Dans une excellente contribution publiée au journal « Le Quotidien » du samedi 27 novembre 2004, un nommé Mor Diop cloue au pilori trois d’entre eux, et pas des moindres. M. Diop évoque alors un adage russe selon lequel, « avec une colonne vertébrale solide, on ne saurait conquérir les hauts postes ». « Le triplet maudit de la politique sénégalaise » (c’est ainsi qu’il appelle les trois compères) a vite fait de comprendre cet adage russe et de se retrouver « avec une colonne vertébrale molle et souple pouvant faire des courbettes à l’odeur d’un quelconque avantage ». Après avoir traité ces trois gros transhumants de « professionnels de la trahison », il les crucifie par ces mots terribles et mérités : « (…) Ils se reconnaissent en ces trois caractéristiques : leur langue contredit leur cœur, leur cœur contredit leurs actes et leur apparence leur for intérieur. » M. Diop conclut son sévère et justifié réquisitoire en ces termes : « Le pire des hommes est celui qui présente deux visages et tient un double langage. »
Nombre de nos compatriotes présentent, non pas seulement deux visages, mais bien plusieurs et tiennent plus qu’un double langage. Leurs visages et leurs langages dépendent des circonstances et de leurs variations, de la direction du vent du pouvoir et de ses honneurs. C’est pourquoi ils sont détestables, si détestables qu’un ami, au détour d’une conversation animée, n’a pas hésité à les comparer à des mbaam xuux (des cochons, des porcs). Cette comparaison pourrait surprendre, peut-être même choquer. Elle est pourtant pertinente, de mon humble point de vue. Comme les mbaam xuux, ces tristes individus suivent leur seul instinct d’assouvir leur faim et leur soif de prébendes. Je suis même tenté de me demander si ce n’est pas faire injure aux premiers que de les comparer aux seconds, qui seraient de la pire des espèces créées par notre Seigneur.

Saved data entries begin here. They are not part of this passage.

lemma colon_subset_ideal_pow_iff:
  assumes "\<forall>i<n. 0 < a i" "0 < d" "d < (\<Sum>i<n. a i)"
  shows "colon_max n (ideal_pow n (veronese_ideal n a d) m)
      \<subseteq> (ideal_pow n (veronese_ideal n a d) m :: 'k::field mpoly set)
    \<longleftrightarrow> \<not> socle_nonzero n a d m"
proof (cases "m = 0")
  case False
  let ?V = "veronese_monoms n (\<lambda>i. m * a i) (m * d)"
  let ?S = "socle_monoms n (\<lambda>i. m * a i) (m * d)"
  have "0 < n" "0 < m * d"
    using assms False by (auto intro: gr0I)
  then have "colon_max n (ideal_pow n (veronese_ideal n a d) m)
      \<subseteq> (ideal_pow n (veronese_ideal n a d) m :: 'k::field mpoly set)
    \<longleftrightarrow> (\<forall>\<mu>\<in>?V \<union> ?S. \<exists>\<nu>\<in>?V. mdvd \<nu> \<mu>)"
    using veronese_monoms_subset socle_monoms_subset
    by (simp add: ideal_pow_veronese colon_max_veronese monomial_ideal_subset_iff)
  also have "\<dots> \<longleftrightarrow> ?S = {}"
  proof
    assume cover: "\<forall>\<mu>\<in>?V \<union> ?S. \<exists>\<nu>\<in>?V. mdvd \<nu> \<mu>"
    show "?S = {}"
    proof (rule ccontr)
      assume "?S \<noteq> {}"
      then obtain w where w: "w \<in> ?S"
        by blast
      then obtain \<nu> where \<nu>: "\<nu> \<in> ?V" "mdvd \<nu> w"
        using cover by blast
      have "mdeg w < mdeg \<nu>"
        using w \<nu>(1) \<open>0 < m * d\<close> by (simp add: socle_monoms_def veronese_monoms_def)
      then show False
        using \<nu>(2) not_mdvd_if_mdeg_less by blast
    qed
  qed (blast intro: mdvd_refl)
  finally show ?thesis
    using socle_monoms_eq_empty_iff[OF assms] False by (simp add: socle_nonzero_def)
qed (simp add: colon_max_def socle_nonzero_def)

lemma soc_ideal_eq_zero_iff:
  assumes "\<forall>i<n. 0 < a i" "0 < d" "d < (\<Sum>i<n. a i)" "0 < m"
  shows "soc_ideal n d (veronese_ideal n a d) m = ({0} :: 'k::field mpoly set)
    \<longleftrightarrow> \<not> socle_nonzero n a d m"
  using assms socle_monoms_eq_empty_iff[OF assms]
  by (simp add: soc_ideal_veronese monomial_ideal_eq_zero_iff socle_monoms_subset socle_nonzero_def)

section \<open>Splitting socle monomials\<close>

definition socle_condition :: "nat \<Rightarrow> (nat \<Rightarrow> nat) \<Rightarrow> nat \<Rightarrow> nat \<Rightarrow> bool" where
  "socle_condition n a d k \<longleftrightarrow> (\<forall>A\<subseteq>{..<n}. d < sum a A \<longrightarrow> card A - 1 \<le> k * (sum a A - d))"

definition socle_splits :: "nat \<Rightarrow> (nat \<Rightarrow> nat) \<Rightarrow> nat \<Rightarrow> nat \<Rightarrow> nat \<Rightarrow> bool" where
  "socle_splits n a d k m \<longleftrightarrow>
    (\<forall>w\<in>socle_monoms n (\<lambda>i. m * a i) (m * d).
      \<exists>\<mu>\<in>veronese_monoms n (\<lambda>i. (m - k) * a i) ((m - k) * d).
      \<exists>\<nu>\<in>socle_monoms n (\<lambda>i. k * a i) (k * d). mdvd (\<mu> + \<nu>) w)"

lemma socle_monom_excess_sum:
  assumes w: "w \<in> socle_monoms n (\<lambda>i. m * a i) (m * d)" and "k \<le> m" "0 < k * d"
  shows "(\<Sum>i<n. lookup w i - (m - k) * a i) \<le> k * d - 1"
proof -
  have "m * (\<Sum>i<n. lookup w i - (m - k) * a i) \<le> (\<Sum>i<n. k * lookup w i)"
    unfolding sum_distrib_left
  proof (intro sum_mono)
    fix i assume "i \<in> {..<n}"
    then have "lookup w i \<le> ((m - k) + k) * a i"
      using w assms(2) by (simp add: socle_monoms_def less_imp_le)
    then show "m * (lookup w i - (m - k) * a i) \<le> k * lookup w i"
      using mult_diff_mult_le[of "lookup w i" "m - k" k "a i"] assms(2) by simp
  qed
  also have "\<dots> = k * (m * d - 1)"
    using w mdeg_eq_sum[of w n] by (simp add: socle_monoms_def sum_distrib_left[symmetric])
  also have "\<dots> < m * (k * d)"
    using assms(2,3) by (simp add: diff_mult_distrib2 mult.left_commute)
  finally show ?thesis
    by simp arith
qed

Nous serions donc tous coupables d’accepter le fait accompli de la détestable transhumance, ce cancer dont les métastases rongent tous les secteurs de la vie nationale. Le devoir nous incombe, à nous tous – classe politique, société civile y compris les chefs religieux et les grands notables – de la combattre sans répit. En particulier, le président de la République devrait cesser de l’encourager, de l’entretenir, sous le prétexte de massifier son parti. Les transhumants sont de mauvais chevaux ; ils n’ont jamais permis de gagner une grande bataille électorale. L’ancien président politicien les a usés à la course, sans succès.